もちろん、生身の人間にもかかわらずナイフ一本で立ち向かおうとするクリスも、普通に考えて十分に異常ではあるのだが。
すると、何かが近付いて来る複数の足音が聞こえてきた。
「――ゥゥウウ……!」
「チッ、さっきよりも数が集まって来てるのか。これだけいるとなると、流石にナイフでは危険だな。まぁ仕方ない」
クリスは腰のホルスターから銃を取り出し、そしてパンッ、パンッと的確に脳天へ弾丸を撃ち込んで最低限の弾で仕留めてみせる。

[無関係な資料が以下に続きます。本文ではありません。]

theorem theorem2:
  fixes P Q :: "nat \<Rightarrow> 'x::countable \<Rightarrow> real"
    and W :: "nat \<Rightarrow> 'x \<Rightarrow> 'y::countable \<Rightarrow> real"
    and n :: nat
    and f :: "real \<Rightarrow> real"
  assumes pmfP: "\<forall>i<n. is_pmf (P i) \<and> (\<forall>x. 0 < P i x)"
    and pmfQ: "\<forall>i<n. is_pmf (Q i) \<and> (\<forall>x. 0 < Q i x)"
    and chan: "\<forall>i<n. \<forall>x. is_pmf (W i x)"
    and cvx: "convex_on {0<..} f"
    and diff: "\<forall>t>0. f differentiable (at t) \<and> deriv f differentiable (at t)"
    and f1: "f 1 = 0"
  shows
    "(\<forall>l\<in>{0..1}.
        ((\<forall>i<n. (\<lambda>x. (P i x - Q i x)\<^sup>2 / Q i x) summable_on UNIV)
         \<and> (\<lambda>xs. prodX n Q xs * f (Rlam n l P Q xs / prodX n Q xs)) summable_on seqs n)
        \<longrightarrow>
          Dgap f n l P Q W \<ge> c_f f (xi1 n l P Q) (xi2 n l P Q) * chi_bracket n l P Q W
        \<and> c_f f (xi1 n l P Q) (xi2 n l P Q) * chi_bracket n l P Q W
            \<ge> c_f f (xi1 n l P Q) (xi2 n l P Q) * l\<^sup>2 * chi_sum n P Q W
        \<and> c_f f (xi1 n l P Q) (xi2 n l P Q) * l\<^sup>2 * chi_sum n P Q W \<ge> 0)
   \<and> (\<forall>l\<in>{0..1}.
        ((\<forall>i<n. (\<lambda>x. (P i x - Q i x)\<^sup>2 / Q i x) summable_on UNIV)
         \<and> (\<lambda>xs. prodX n Q xs * f (Rlam n l P Q xs / prodX n Q xs)) summable_on seqs n
         \<and> e_f f (xi1 n l P Q) (xi2 n l P Q) < \<infinity>)
        \<longrightarrow>
          ereal (Dgap f n l P Q W)
            \<le> e_f f (xi1 n l P Q) (xi2 n l P Q) * ereal (chi_bracket n l P Q W))
   \<and> ((isCont (deriv2 f) 1 \<and> (\<forall>i<n. bdd_above (range (\<lambda>x. P i x / Q i x))))
      \<longrightarrow>
          ((\<lambda>l. Dgap f n l P Q W / l\<^sup>2)
              \<longlongrightarrow> (1/2) * deriv2 f 1 * chi_sum n P Q W) (at_right 0)
        \<and> ((\<lambda>l. c_f f (xi1 n l P Q) (xi2 n l P Q) * chi_bracket n l P Q W / l\<^sup>2)
              \<longlongrightarrow> (1/2) * deriv2 f 1 * chi_sum n P Q W) (at_right 0)
        \<and> ((\<lambda>l. c_f f (xi1 n l P Q) (xi2 n l P Q) * l\<^sup>2 * chi_sum n P Q W / l\<^sup>2)
              \<longlongrightarrow> (1/2) * deriv2 f 1 * chi_sum n P Q W) (at_right 0)
        \<and> ((\<lambda>l. e_f f (xi1 n l P Q) (xi2 n l P Q) * ereal (chi_bracket n l P Q W / l\<^sup>2))
              \<longlongrightarrow> ereal ((1/2) * deriv2 f 1 * chi_sum n P Q W)) (at_right 0))"
proof -
  interpret product_channel_divergence P Q W n f
    by unfold_locales (use pmfP pmfQ chan cvx diff f1 in auto)
  have part_a: "Dgap f n l P Q W \<ge> c_f f (xi1 n l P Q) (xi2 n l P Q) * chi_bracket n l P Q W
      \<and> c_f f (xi1 n l P Q) (xi2 n l P Q) * chi_bracket n l P Q W
          \<ge> c_f f (xi1 n l P Q) (xi2 n l P Q) * l\<^sup>2 * chi_sum n P Q W
      \<and> c_f f (xi1 n l P Q) (xi2 n l P Q) * l\<^sup>2 * chi_sum n P Q W \<ge> 0"
    if l: "l \<in> {0..1}" and S: "\<forall>i<n. (\<lambda>x. (P i x - Q i x)\<^sup>2 / Q i x) summable_on UNIV"
      and F: "(\<lambda>xs. prodX n Q xs * f (Rlam n l P Q xs / prodX n Q xs)) summable_on seqs n" for l
  proof -
    have l: "0 \<le> l" "l \<le> 1" using l by auto
    have "0 \<le> c_f f (xi1 n l P Q) (xi2 n l P Q)"
      by (rule c_f_nonneg[OF deriv2_f_nonneg one_mem_Ival[OF l]])
    then show ?thesis
      using Dgap_lower_bound[OF l S F] mult_left_mono[OF chi_bracket_ge[OF S]] chi_sum_nonneg[OF S]
      by (simp add: mult.assoc)
  qed
  have part_b: "ereal (Dgap f n l P Q W)
      \<le> e_f f (xi1 n l P Q) (xi2 n l P Q) * ereal (chi_bracket n l P Q W)"
    if "l \<in> {0..1}" and "\<forall>i<n. (\<lambda>x. (P i x - Q i x)\<^sup>2 / Q i x) summable_on UNIV"
      and "(\<lambda>xs. prodX n Q xs * f (Rlam n l P Q xs / prodX n Q xs)) summable_on seqs n"
      and "e_f f (xi1 n l P Q) (xi2 n l P Q) < \<infinity>" for l
    using that by (intro Dgap_upper_bound) auto
  show ?thesis
    by (intro conjI ballI impI; elim conjE; (rule tendsto_Dgap_div_sq; assumption)?; simp add: part_a part_b)
qed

レイのように派手な格闘戦は出来ないが、兵士として高い能力を持っている彼だからこそ、銃器を使えばこうして危なげなくゾンビと戦えるのだ。
そうして三体の死者を片付けたクリスは、仲間たちが待っている場所へと向かい始める。
「――ん? 気のせい、か?」
そんなクリスを監視するような人影があることに、彼は最後まで気付かなかった。